然后创建三个dataloader用于后续训练用：

from torch.utils.data import DataLoader

num_workers = 0
batch_size = 8
torch.manual_seed(123)

train_loader = DataLoader(
    dataset=train_dataset,
    batch_size=batch_size,
    shuffle=True,
    num_workers=num_workers,
    drop_last=True
)

val_loader = DataLoader(
    dataset=val_dataset,
    batch_size=batch_size,
    num_workers=num_workers,
    drop_last=False
)

test_loader = DataLoader(
    dataset=test_dataset,
    batch_size=batch_size,
    num_workers=num_workers,
    drop_last=False
)

for input_batch, target_batch in train_loader:
    pass
print("Input batch dimensions:", input_batch.shape)
print("Label batch dimensions", target_batch.shape)

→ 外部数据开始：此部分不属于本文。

definition weak_normal_structure :: "'a::real_normed_vector itself \<Rightarrow> bool" where
  "weak_normal_structure _ \<longleftrightarrow>
     (\<forall>K :: 'a set. nontrivial K \<and> weakly_compact K \<and> convex K \<longrightarrow>
        (\<forall>K0. K0 \<subseteq> K \<and> closed K0 \<and> convex K0 \<and> diameter K0 > 0 \<longrightarrow>
           (\<exists>x0\<in>K0. rad x0 K0 < diameter K0)))"

definition weak_quasi_normal_structure :: "'a::real_normed_vector itself \<Rightarrow> bool" where
  "weak_quasi_normal_structure _ \<longleftrightarrow>
     (\<forall>C :: 'a set. nontrivial C \<and> weakly_compact C \<and> convex C \<longrightarrow>
        (\<forall>K0. K0 \<subseteq> C \<and> nontrivial K0 \<and> closed K0 \<and> convex K0 \<longrightarrow>
           (\<exists>x0\<in>K0. \<forall>y\<in>K0. norm (x0 - y) < diameter K0)))"

end

theory Submission
  imports Defs
begin
(* Let $d\ge 1$, $A \in \mathbb{R}^{d+1}$ and $\Xi \in \mathbb{R}^{(d+1)\times d}$. Let $\Delta_d=\{\lambda\in\mathbb{R}^{d+1}:\lambda_i\ge 0,\sum_i\lambda_i=1\}$, integrate over $\Delta_d$ with respect to its $d$-dimensional Lebesgue (surface) measure, let $v(d)=\int_{\Delta_d}\mathrm{d}\lambda$, and let $\Sigma(d)$ be the covariance matrix of the uniform distribution on $\Delta_d$ (the Dirichlet$(1,\dots,1)$ distribution). Then $$\min_{\alpha_0\in\mathbb{R},\,\alpha\in\mathbb{R}^d}\ \int_{\Delta_d}\bigl(\alpha_0 - (A - \Xi\alpha)^\top\lambda\bigr)^2\,\mathrm{d}\lambda = v(d)\, A^\top\Bigl(\Sigma(d) - \Sigma(d)\,\Xi\,\bigl(\Xi^\top\Sigma(d)\,\Xi\bigr)^\dagger\,\Xi^\top\Sigma(d)\Bigr)A.$$
   Context: $M^\dagger$ denotes the Moore–Penrose pseudoinverse of a matrix $M$. *)

theory Defs
  imports "HOL-Analysis.Analysis"
begin

text \<open>The vectors of R^(d+1) are indexed by the type 'm option (d = CARD('m));
  the coordinate None plays the role of the last barycentric coordinate.\<close>

definition simplex_dom :: "(real^'m::finite) set" where
  "simplex_dom = {x. (\<forall>i. 0 \<le> x$i) \<and> (\<Sum>i\<in>UNIV. x$i) \<le> 1}"

definition simplex_param :: "real^'m::finite \<Rightarrow> real^('m option)" where
  "simplex_param x = (\<chi> j. case j of None \<Rightarrow> 1 - (\<Sum>i\<in>UNIV. x$i) | Some i \<Rightarrow> x$i)"

text \<open>Integral over the standard simplex Delta_d in R^(d+1) w.r.t. d-dimensional surface
  (Hausdorff) measure: parametrize by the first d coordinates; the area factor of this
  parametrization is sqrt(d+1).\<close>
definition simplex_integral :: "(real^('m::finite option) \<Rightarrow> real) \<Rightarrow> real" where
  "simplex_integral f =
     sqrt (real CARD('m option)) * integral (simplex_dom :: (real^'m) set) (\<lambda>x. f (simplex_param x))"

definition simplex_volume :: "'m::finite itself \<Rightarrow> real" where
  "simplex_volume _ = simplex_integral (\<lambda>_::real^('m option). 1)"

definition simplex_mean :: "'m::finite option \<Rightarrow> real" where
  "simplex_mean i = simplex_integral (\<lambda>l::real^('m option). l$i) / simplex_volume TYPE('m)"

definition simplex_cov :: "real^('m::finite option)^('m option)" where
  "simplex_cov = (\<chi> i j. simplex_integral (\<lambda>l::real^('m option). l$i * l$j) / simplex_volume TYPE('m)
                           - simplex_mean i * simplex_mean j)"

definition pinv :: "real^'b::finite^'a::finite \<Rightarrow> real^'a^'b" where
  "pinv M = (THE X. M ** X ** M = M \<and> X ** M ** X = X \<and>
                    transpose (M ** X) = M ** X \<and> transpose (X ** M) = X ** M)"

end

theory Submission
  imports Defs
begin
lemma closure_chains_SR_scheme_subset:
  assumes "infinite (UNIV :: 'k::field set)" and sc: "simplicial_complex n \<Delta>"
  shows "closure_chains n \<Phi> (SR_scheme n \<Delta> :: 'k vec set set) \<subseteq> (\<lambda>F. coord_pt ` F) ` \<Delta>"
proof
  fix A assume "A \<in> closure_chains n \<Phi> (SR_scheme n \<Delta> :: 'k vec set set)"
  then obtain fs where A: "A = set fs" and fixed: "set fs \<subseteq> fixedT n (SR_scheme n \<Delta>)"
    and ne: "chain_closure n \<Phi> (SR_scheme n \<Delta>) fs \<noteq> {}"
    unfolding closure_chains_def by blast
  have "\<forall>f\<in>set fs. \<exists>i. f = coord_pt i"
    using fixed unfolding fixedT_SR_scheme[OF assms] by blast
  then obtain ys where fs: "fs = map coord_pt ys" unfolding ex_map_conv[symmetric] by blast
  have "SR_scheme n \<Delta> \<subseteq> (closed_star n \<Delta> {} :: 'k vec set set)"
    unfolding closed_star_def by (auto simp: SR_scheme_iff[OF sc])
  from chain_fold_subset_closed_star[OF sc this, of \<Phi> "SR_scheme n \<Delta>" ys] ne
  obtain p :: "'k vec set" where "psupp p \<union> set ys \<in> \<Delta>"
    unfolding chain_closure_eq_chain_fold fs closed_star_def Un_empty_left by blast
  then have "set ys \<in> \<Delta>" by (rule simplicial_complex_subset[OF sc]) blast
  then show "A \<in> (\<lambda>F. coord_pt ` F) ` \<Delta>" unfolding A fs by simp
qed

lemma face_in_closure_chains_SR_scheme:
  assumes inf: "infinite (UNIV :: 'k::field set)" and sc: "simplicial_complex n \<Delta>"
    and mono: "strict_mono_on {1..n} \<Phi>" and X_ne: "SR_scheme n \<Delta> \<noteq> ({} :: 'k vec set set)"
    and F: "F \<in> \<Delta>"
  shows "coord_pt ` F \<in> closure_chains n \<Phi> (SR_scheme n \<Delta> :: 'k vec set set)"
proof -
  define ys where "ys = sorted_list_of_set F"
  define fs :: "'k vec set list" where "fs = map coord_pt ys"
  have "F \<subseteq> {1..n}" using sc F unfolding simplicial_complex_def by blast
  then have "finite F" by (rule finite_subset) simp
  then have ys: "set ys = F" "sorted_wrt (<) ys" "distinct ys" by (simp_all add: ys_def)
  have "chain_closure n \<Phi> (SR_scheme n \<Delta>) fs \<noteq> {}"
  proof (cases "ys = []")
    case True
    then show ?thesis using X_ne by (simp add: fs_def chain_closure_eq_chain_fold)
  next
    case False
    have "supp_cell n (set ys) \<subseteq> (SR_scheme n \<Delta> :: 'k vec set set)"
      using supp_cell_subset_SR_scheme[OF sc] F ys(1) by blast
    with chain_fold_sorted_face_nonempty[OF inf sc mono ys(2)] F ys(1) False
    show ?thesis by (simp add: fs_def chain_closure_eq_chain_fold)
  qed
  moreover have "distinct fs"
    unfolding fs_def distinct_map using ys(3) inj_on_subset[OF inj_coord_pt subset_UNIV] by blast
  moreover have "set fs \<subseteq> fixedT n (SR_scheme n \<Delta>)"
    using F ys(1) by (auto simp: fs_def fixedT_SR_scheme[OF inf sc])
  moreover have "set fs = coord_pt ` F" using ys(1) by (simp add: fs_def)
  ultimately show ?thesis unfolding closure_chains_def by (intro CollectI exI[of _ fs]) simp
qed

Input batch dimensions: torch.Size([8, 120])
Label batch dimensions torch.Size([8])

print(f"{len(train_loader)} training batches")
print(f"{len(val_loader)} validation batches")
print(f"{len(test_loader)} test batches")

130 training batches
19 validation batches
38 test batches

1.4 用预训练权重初始化模型

这个主要就是上一章的内容，加载GPT-2的权重，不过因为我们要做分类任务微调，那么原来那个输出头肯定不能用了，我们需要用一个二分类的输出头替换。

先加载权重：

CHOOSE_MODEL = "gpt2-small (124M)"
INPUT_PROMPT = "Every effort moves"
BASE_CONFIG = {
 "vocab_size": 50257,
 "context_length": 1024,
 "drop_rate": 0.0,
 "qkv_bias": True
}
model_configs = {
 "gpt2-small (124M)": {"emb_dim": 768, "n_layers": 12, "n_heads": 12},
 "gpt2-medium (355M)": {"emb_dim": 1024, "n_layers": 24, "n_heads": 16},
 "gpt2-large (774M)": {"emb_dim": 1280, "n_layers": 36, "n_heads": 20},
 "gpt2-xl (1558M)": {"emb_dim": 1600, "n_layers": 48, "n_heads": 25},
}
BASE_CONFIG.update(model_configs[CHOOSE_MODEL])

from gpt_download import download_and_load_gpt2
from previous_chapters import GPTModel, load_weights_into_gpt

model_size = CHOOSE_MODEL.split(" ")[-1].lstrip("(").rstrip(")")
settings, params = download_and_load_gpt2(
    model_size=model_size, models_dir="gpt2"
)

model = GPTModel(BASE_CONFIG)
load_weights_into_gpt(model, params)
model.eval()

随便测个句子看权重加载正确没：

from previous_chapters import generate_text_simple, text_to_token_ids, token_ids_to_text

text_1 = "Every effort moves you"
token_ids = generate_text_simple(
    model=model,
    idx=text_to_token_ids(text_1, tokenizer),
    max_new_tokens=15,
    context_size=BASE_CONFIG["context_length"]
)
token_ids_to_text(token_ids, tokenizer)

'Every effort moves you forward.\n\nThe first step is to understand the importance of your work'

我们尝试给一个instruction：

text_2 = (
    "Is the following text 'spam'? Answer with 'yes' or 'no':"
    " 'You are a winner you have been specially"
    " selected to receive $1000 cash or a $2000 award.'"
)
token_ids = generate_text_simple(
    model=model,
    idx=text_to_token_ids(text_2, tokenizer),
    max_new_tokens=23,
    context_size=BASE_CONFIG["context_length"]
)
print(token_ids_to_text(token_ids, tokenizer))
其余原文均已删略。